Abstract:
Rationale: There is evidence that the serotonin (5-HT) deficits and related
cognitive and mood impairments caused by +/-3,4-
methylenedioxymethamphetamine (MDMA) may be mediated by
neuroadaptations of the 5-HT1A autoreceptor.
Objectives: The increase in sensitivity of the 5-HT1A autoreceptor caused by highdose,
repeated MDMA treatment was assessed neurochemically, by measuring 5-
HTP accumulation, and physiologically, via changes in body temperature.
Methods: Experiment 1 confirmed the effects of 8-hydroxy-2-(di-npropylamino)
tetralin (8-OH-DPAT) (0, 0.025, 0.05, 0.1 mg/kg s.c.) on 5-
hydroxytryptophan (5-HTP) accumulation following 3-hydroxybenzylhydrazine
dihydrochloride (NSD-1015) administration as a valid measure of 5-HT synthesis
and hence 5-HT1A autoreceptor sensitivity in rats. Experiment 2 performed these
procedures in additional animals, with half receiving MDMA (4x 10 mg/kg i.p. at
2 hour intervals) two weeks before testing. Body temperature changes due to the
8-OH-DPAT hypothermic response were tested using a rectal probe. Experiment
2b repeated the procedures in additional groups with lower doses of 8-OH-DPAT
(0.0125 and 0.00625 mg/kg s.c.).
Results: No significant changes in 5-HTP accumulation levels or changes in the
hypothermic response to 8-OH-DPAT were found between MDMA pretreated
rats and controls in Experiments 2 and 2b. Moreover, there was no substantial
evidence of expected 5-HT deficits due to high-dose MDMA treatment.
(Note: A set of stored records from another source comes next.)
(* Consider the SSBM in the context, let $\tau^+>0$, $\tau^-\ge0$, and assume $d_i^\pm>0$ for all $i\in[k]$. Let $V^\perp\in\mathbb R^{n\times(n-k)}$ have orthonormal columns spanning the orthogonal complement of the column span of $\Theta$, chosen so that exactly $n_i-1$ of its columns are supported on $C_i$ for each $i$ (these are eigenvectors of $\mathbb E D^+$), with the columns ordered cluster by cluster. Then $$\bar T=\begin{bmatrix}\Theta R& V^\perp\end{bmatrix}\begin{bmatrix}\Lambda\\&\frac{\alpha_1^+}{\alpha_1^-}I_{n_1-1}\\&&\ddots\\&&&\frac{\alpha_k^+}{\alpha_k^-}I_{n_k-1}\end{bmatrix}\begin{bmatrix}(\Theta R)^\top\\(V^\perp)^\top\end{bmatrix},$$ where $R$ is a $k\times k$ rotation matrix and $\Lambda$ a diagonal matrix such that $(C^-)^{-1/2}C^+(C^-)^{-1/2}=R\Lambda R^\top$.
   Context: SSBM: integers $n\ge2,k\ge2$, $p\in(0,1]$, $\eta\in[0,1/2)$, partition of $[n]$ into nonempty clusters $C_1,\dots,C_k$, $|C_i|=n_i$. Independently for each pair $j\ne j'$ an edge is present w.p. $p$, signed $+1$ if same cluster and $-1$ otherwise, then flipped independently w.p. $\eta$. $A^+,A^-$ are the 0/1 adjacency matrices of positive and negative edges, $D^\pm=\mathrm{diag}(A^\pm\mathbf1)$. $\Theta_{ji}=1/\sqrt{n_i}$ if $j\in C_i$ else 0. $\overline{L^\pm_{sym}}=I-(\mathbb ED^\pm)^{-1/2}\mathbb EA^\pm(\mathbb ED^\pm)^{-1/2}$, $\bar T=(\overline{L^-_{sym}}+\tau^+I)^{-1/2}(\overline{L^+_{sym}}+\tau^-I)(\overline{L^-_{sym}}+\tau^+I)^{-1/2}$. Expected degrees of a node in $C_i$: $d_i^+=p(n(s_i(1-2\eta)+\eta)-(1-\eta))$, $d_i^-=p(n(-s_i(1-2\eta)+(1-\eta))-\eta)$ with $s_i=n_i/n$. $u^\pm=(\sqrt{n_1/d_1^\pm},\dots,\sqrt{n_k/d_k^\pm})^\top$, $\alpha_i^+=1+\tau^-+p(1-\eta)/d_i^+$, $\alpha_i^-=1+\tau^++p\eta/d_i^-$. $C^+=-p\eta u^+(u^+)^\top+\mathrm{diag}_i\big(1+\tau^-+\frac{p}{d_i^+}(1-\eta-n_i(1-2\eta))\big)$, $C^-=-p(1-\eta)u^-(u^-)^\top+\mathrm{diag}_i\big(1+\tau^++\frac p{d_i^-}(\eta+n_i(1-2\eta))\big)$. *)

theory Defs
  imports "HOL-Analysis.Analysis"
begin

text \<open>Clusters are given by a labelling c :: 'n => 'k of the nodes; C_i = {j. c j = i}.\<close>

definition csize :: "('n::finite \<Rightarrow> 'k) \<Rightarrow> 'k \<Rightarrow> nat" where
  "csize c i = card {j. c j = i}"

definition Theta :: "('n::finite \<Rightarrow> 'k::finite) \<Rightarrow> real^'k^'n" where
  "Theta c = (\<chi> j i. if c j = i then 1 / sqrt (real (csize c i)) else 0)"

definition EAp :: "real \<Rightarrow> real \<Rightarrow> ('n::finite \<Rightarrow> 'k) \<Rightarrow> real^'n^'n" where
  "EAp p \<eta> c = (\<chi> j j'. if j = j' then 0 else if c j = c j' then p * (1 - \<eta>) else p * \<eta>)"

definition EAm :: "real \<Rightarrow> real \<Rightarrow> ('n::finite \<Rightarrow> 'k) \<Rightarrow> real^'n^'n" where
  "EAm p \<eta> c = (\<chi> j j'. if j = j' then 0 else if c j = c j' then p * \<eta> else p * (1 - \<eta>))"

definition degmat :: "real^'n^'n \<Rightarrow> real^'n^'n" where
  "degmat A = (\<chi> j j'. if j = j' then (\<Sum>l\<in>UNIV. A $ j $ l) else 0)"

definition psd_mat :: "real^'n^'n \<Rightarrow> bool" where
  "psd_mat S \<longleftrightarrow> (\<forall>x. 0 \<le> x \<bullet> (S *v x))"

definition msqrt :: "real^'n^'n \<Rightarrow> real^'n^'n" where
  "msqrt M = (THE S. transpose S = S \<and> psd_mat S \<and> S ** S = M)"

definition misqrt :: "real^'n^'n \<Rightarrow> real^'n^'n" where
  "misqrt M = matrix_inv (msqrt M)"

definition Lsym :: "real^'n^'n \<Rightarrow> real^'n^'n" where
  "Lsym A = mat 1 - misqrt (degmat A) ** A ** misqrt (degmat A)"

definition Tbar :: "real \<Rightarrow> real \<Rightarrow> real \<Rightarrow> real \<Rightarrow> ('n::finite \<Rightarrow> 'k) \<Rightarrow> real^'n^'n" where
  "Tbar p \<eta> \<tau>p \<tau>m c =
     misqrt (Lsym (EAm p \<eta> c) + \<tau>p *\<^sub>R mat 1) ** (Lsym (EAp p \<eta> c) + \<tau>m *\<^sub>R mat 1)
       ** misqrt (Lsym (EAm p \<eta> c) + \<tau>p *\<^sub>R mat 1)"

definition sfrac :: "('n::finite \<Rightarrow> 'k) \<Rightarrow> 'k \<Rightarrow> real" where
  "sfrac c i = real (csize c i) / real CARD('n)"

definition dplus :: "real \<Rightarrow> real \<Rightarrow> ('n::finite \<Rightarrow> 'k) \<Rightarrow> 'k \<Rightarrow> real" where
  "dplus p \<eta> c i = p * (real CARD('n) * (sfrac c i * (1 - 2*\<eta>) + \<eta>) - (1 - \<eta>))"

definition dminus :: "real \<Rightarrow> real \<Rightarrow> ('n::finite \<Rightarrow> 'k) \<Rightarrow> 'k \<Rightarrow> real" where
  "dminus p \<eta> c i = p * (real CARD('n) * (- sfrac c i * (1 - 2*\<eta>) + (1 - \<eta>)) - \<eta>)"

definition uplus :: "real \<Rightarrow> real \<Rightarrow> ('n::finite \<Rightarrow> 'k::finite) \<Rightarrow> real^'k" where
  "uplus p \<eta> c = (\<chi> i. sqrt (real (csize c i) / dplus p \<eta> c i))"

definition uminus :: "real \<Rightarrow> real \<Rightarrow> ('n::finite \<Rightarrow> 'k::finite) \<Rightarrow> real^'k" where
  "uminus p \<eta> c = (\<chi> i. sqrt (real (csize c i) / dminus p \<eta> c i))"

definition alphap :: "real \<Rightarrow> real \<Rightarrow> real \<Rightarrow> ('n::finite \<Rightarrow> 'k) \<Rightarrow> 'k \<Rightarrow> real" where
  "alphap p \<eta> \<tau>m c i = 1 + \<tau>m + p * (1 - \<eta>) / dplus p \<eta> c i"

definition alpham :: "real \<Rightarrow> real \<Rightarrow> real \<Rightarrow> ('n::finite \<Rightarrow> 'k) \<Rightarrow> 'k \<Rightarrow> real" where
  "alpham p \<eta> \<tau>p c i = 1 + \<tau>p + p * \<eta> / dminus p \<eta> c i"

definition outer :: "real^'a \<Rightarrow> real^'b \<Rightarrow> real^'b^'a" where
  "outer x y = (\<chi> i j. x $ i * y $ j)"

definition Cplus :: "real \<Rightarrow> real \<Rightarrow> real \<Rightarrow> ('n::finite \<Rightarrow> 'k::finite) \<Rightarrow> real^'k^'k" where
  "Cplus p \<eta> \<tau>m c =
     - (p * \<eta>) *\<^sub>R outer (uplus p \<eta> c) (uplus p \<eta> c)
     + (\<chi> i i'. if i = i' then 1 + \<tau>m + p / dplus p \<eta> c i * (1 - \<eta> - real (csize c i) * (1 - 2*\<eta>)) else 0)"

definition Cminus :: "real \<Rightarrow> real \<Rightarrow> real \<Rightarrow> ('n::finite \<Rightarrow> 'k::finite) \<Rightarrow> real^'k^'k" where
  "Cminus p \<eta> \<tau>p c =
     - (p * (1 - \<eta>)) *\<^sub>R outer (uminus p \<eta> c) (uminus p \<eta> c)
     + (\<chi> i i'. if i = i' then 1 + \<tau>p + p / dminus p \<eta> c i * (\<eta> + real (csize c i) * (1 - 2*\<eta>)) else 0)"

end

theory Submission
  imports Defs
begin

text \<open>Since the expected adjacency matrices are constant on each pair of clusters (off the
  diagonal), both shifted Laplacians are block matrices
  \<open>block X f = [\<Theta> V\<^sup>\<bottom>] diag(X, f\<^sub>1 I, \<dots>, f\<^sub>k I) [\<Theta> V\<^sup>\<bottom>]\<^sup>T\<close> with cores \<open>X = C\<^sup>\<plusminus>\<close>
  and weights \<open>f = \<alpha>\<^sup>\<plusminus>\<close>. Because \<open>[\<Theta> V\<^sup>\<bottom>]\<close> is orthogonal, such matrices multiply
  blockwise; by uniqueness of positive semidefinite square roots (which rests on the spectral
  theorem) square roots and inverses are also taken blockwise. The core \<open>C\<^sup>-\<close> is invertible
  because it is the compression \<open>\<Theta>\<^sup>T (L\<^sup>-\<^sub>s\<^sub>y\<^sub>m + \<tau>\<^sup>+ I) \<Theta> \<succeq> \<tau>\<^sup>+ I\<close>. Hence
  \<open>Tbar\<close> is the block matrix with core \<open>(C\<^sup>-)\<^sup>-\<^sup>1\<^sup>/\<^sup>2 C\<^sup>+ (C\<^sup>-)\<^sup>-\<^sup>1\<^sup>/\<^sup>2 = R \<Lambda> R\<^sup>T\<close> and
  weights \<open>\<alpha>\<^sup>+/\<alpha>\<^sup>-\<close>.\<close>

lemma inner_matrix_vector_transpose:
  "(x::real^'m) \<bullet> ((A::real^'n^'m) *v y) = (transpose A *v x) \<bullet> y"
  by (metis dot_lmul_matrix transpose_matrix_vector)

lemma matrix_vector_mult_sum: "(M::real^'n^'m) *v (\<Sum>i\<in>I. x i) = (\<Sum>i\<in>I. M *v x i)"
  by (induct I rule: infinite_finite_induct) (auto simp: matrix_vector_right_distrib)

lemma sum_matrix_vector_mult: "(\<Sum>i\<in>I. M i) *v (x::real^'n) = (\<Sum>i\<in>I. M i *v x)"
  by (induct I rule: infinite_finite_induct) (auto simp: matrix_vector_mult_add_rdistrib)

lemma outer_matrix_vector_mult: "outer a b *v x = (b \<bullet> x) *\<^sub>R a"
  by (simp add: vec_eq_iff outer_def matrix_vector_mult_def inner_vec_def sum_distrib_left mult_ac)

lemma inner_sum_orthonormal:
  fixes B :: "(real^'n) set"
  assumes "finite B" "b' \<in> B" "\<forall>b\<in>B. norm b = 1" "\<forall>b\<in>B. \<forall>b'\<in>B. b \<noteq> b' \<longrightarrow> b \<bullet> b' = 0"
  shows "b' \<bullet> (\<Sum>b\<in>B. a b *\<^sub>R b) = a b'"
proof -
  have "b' \<bullet> (\<Sum>b\<in>B. a b *\<^sub>R b) = (\<Sum>b\<in>B. if b = b' then a b else 0)"
    unfolding inner_sum_right using assms by (intro sum.cong) (auto simp: norm_eq_1)
  also have "\<dots> = a b'" using assms by (simp add: sum.delta')
  finally show ?thesis .
qed

lemma inner_symmetric_matrix:
  assumes "transpose A = A"
  shows "x \<bullet> (A *v y) = (A *v x) \<bullet> (y::real^'n)"
  using inner_matrix_vector_transpose[of x A y] assms by simp

lemma quadratic_nonpos_imp_linear_coeff_zero:
  fixes b c :: real
  assumes "\<And>t. 2 * t * b + t\<^sup>2 * c \<le> 0"
  shows "b = 0"
proof (rule ccontr)
  assume "b \<noteq> 0"
  define t where "t = b / (\<bar>c\<bar> + 1)"
  have tb: "t * b > 0" using \<open>b \<noteq> 0\<close> by (simp add: t_def power2_eq_square[symmetric] add_pos_nonneg)
  have "t\<^sup>2 * \<bar>c\<bar> = t * b * (\<bar>c\<bar> / (\<bar>c\<bar> + 1))" by (simp add: t_def power2_eq_square field_simps)
  also have "\<dots> < t * b" using tb by (simp add: field_simps)
  moreover have "- (t\<^sup>2 * c) \<le> t\<^sup>2 * \<bar>c\<bar>" using mult_left_mono[of "- c" "\<bar>c\<bar>" "t\<^sup>2"] by simp
  ultimately show False using assms[of t] tb by linarith
qed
Conclusion: The results do not indicate an increase in sensitivity of the 5-HT1A
autoreceptor, and hence the original hypothesis is not supported. However, there
were a number of methodological issues, as indicated by the lack of MDMAinduced
5-HT deficits, which prevent a firm conclusion from being drawn. Future
research is outlined to overcome these issues.